I’d programmed the TV with all my streaming services.
I’d kept the plants watered and healthy.
I’d binged more television than I allowed myself to keep track of.
I’d read five books.
I’d shopped online, because, although Brenda had outfitted the cabin splendidly, she didn’t have cloth napkins, the placemats on offer weren’t as cute as the ones I’d found when I’d discovered the napkins, and her pretty, antique wineglasses and tumblers didn’t hold near enough liquid (and she didn’t have martini glasses at all). She also hadn’t provided plastic ones for outside should I, say, want a glass of wine while sitting on the pier (which I did). Nor did she provide a marble wine cooler should I, say, drink a whole bottle of wine while sitting and reading on the porch (which I also did).
And other stuff.
I’d also semi-kinda met my postman, who drove packages all the way up the lane to my front door.
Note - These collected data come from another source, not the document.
(* Let $A\in\mathbf{R}^{n\times n}$, $C_i\in\mathbf{R}^{m_i\times n}$ ($i=1,\ldots,N$), $H\in\mathbf{R}^{p\times n}$, and let $\mathcal{L}$ be the Laplacian of a directed graph $\mathbf{G}$ on $N$ nodes. Set $\bar A=I_N\otimes A$, $\bar C=\mathrm{diag}[C_1,\ldots,C_N]$, $\bar H=\mathcal{L}\otimes H$. Suppose the pair $\left(\begin{bmatrix}\bar C\\ \bar H\end{bmatrix},\bar A\right)$ is detectable. Then for every reach $\mathbf{R}_s$ of $\mathbf{G}$: (i) $\bigcap_{i\in\mathbf{R}_s}\mathcal{C}_i=\{0\}$; (ii) $\mathcal{O}_H\cap\mathcal{C}_i=\{0\}$ for all $i\in\mathbf{R}_s$. Here $\mathcal{C}_i$ is the undetectable subspace of $(C_i,A)$ and $\mathcal{O}_H=\bigcap_{l=1}^n\operatorname{Ker}(HA^{l-1})$.
   Context: Directed graph $\mathbf{G}$ on $\{1,\ldots,N\}$ without self-loops; adjacency matrix $\mathbf{A}=[\mathbf{a}_{ij}]$ with $\mathbf{a}_{ij}=1$ if there is an edge from $j$ to $i$, else $0$; $p_i$ the in-degree of node $i$; Laplacian $\mathcal{L}=\mathrm{diag}[p_1,\ldots,p_N]-\mathbf{A}$. For a vertex $j$, the reachable subgraph $\mathbf{R}(j)$ is the set consisting of $j$ and all nodes reachable from $j$ by a directed path. A reach is a maximal reachable subgraph: $\mathbf{R}=\mathbf{R}(i)$ for some $i$ such that there is no $j\ne i$ with $\mathbf{R}(i)\subsetneq\mathbf{R}(j)$. For a square matrix $F$ with minimal polynomial $\alpha_F=\alpha_F^-\alpha_F^+$ (zeros of $\alpha_F^-$ in the open left half-plane, of $\alpha_F^+$ in the closed right half-plane), the undetectable subspace of $(G,F)$ is $\bigcap_{l=1}^n\operatorname{Ker}(GF^{l-1})\cap\operatorname{Ker}\alpha_F^+(F)$; the pair is detectable iff this subspace is $\{0\}$. *)

theory Defs
  imports "Jordan_Normal_Form.Matrix" "HOL-Computational_Algebra.Polynomial" Complex_Main
begin

text \<open>Evaluation of a polynomial at a square matrix (Horner scheme):
  for coefficients a0, a1, ..., ak this is a0 I + F (a1 I + F (... )) = sum_i a_i F^i.\<close>
definition mat_poly_eval :: "'a :: comm_ring_1 poly \<Rightarrow> 'a mat \<Rightarrow> 'a mat" where
  "mat_poly_eval q F =
     foldr (\<lambda>c M. c \<cdot>\<^sub>m 1\<^sub>m (dim_row F) + F * M) (coeffs q) (0\<^sub>m (dim_row F) (dim_row F))"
What I did not do was journal my innermost thoughts and fears and feelings about all that had happened four months ago (not to mention, seven years prior) in any of the five matching, silk-covered, cherry blossom embossed journals I’d sent to the cabin in my boxes.
I didn’t meditate in an effort to achieve a higher consciousness.
I didn’t do any research to see if Misted Pines offered a thoughtful and supportive counselor I could make a standing appointment with to go and hash out all that was clogging my brain and make a plan on how to open the drain and let it slip away.
No, I did none of that.
It seemed the only thing I learned about myself was that I became so unmotivated as to be nearly incapacitated by days of having nothing to do and no one I was responsible for.
Namely, around twenty-five munchkins, who filled my days with alternating bouts of extreme pride and sheer frustration who counted on me.
Sure, I texted my friends, sent emails and had a couple of phone conversations, but I was social media-ing it through all of that, even if I wasn’t doing it on social media.
That being faking it.
The cabin and the lake made it easy. A picturesque cottage in the pines on a lake with me smiling through a selfie, looking honey-tanned and healthy, because me and my wineglass would head to the pier at around two each day. Along with the fact there were a lot of pots of plants to water, and they were all outside (a tan was all about faking the healthy bit).
All my friends took one look at these photos and told me to invite them out ASAP.
I didn’t invite a single one of them.
I was wallowing and drinking too much. And it got worse, because every day, I’d wake up, determined that would be the day when I’d grab my imaginary staff and head down the path to battle my demons and figure it all out, and then I’d go to bed, beating myself up because that was not the day I’d done anything.
Now…this.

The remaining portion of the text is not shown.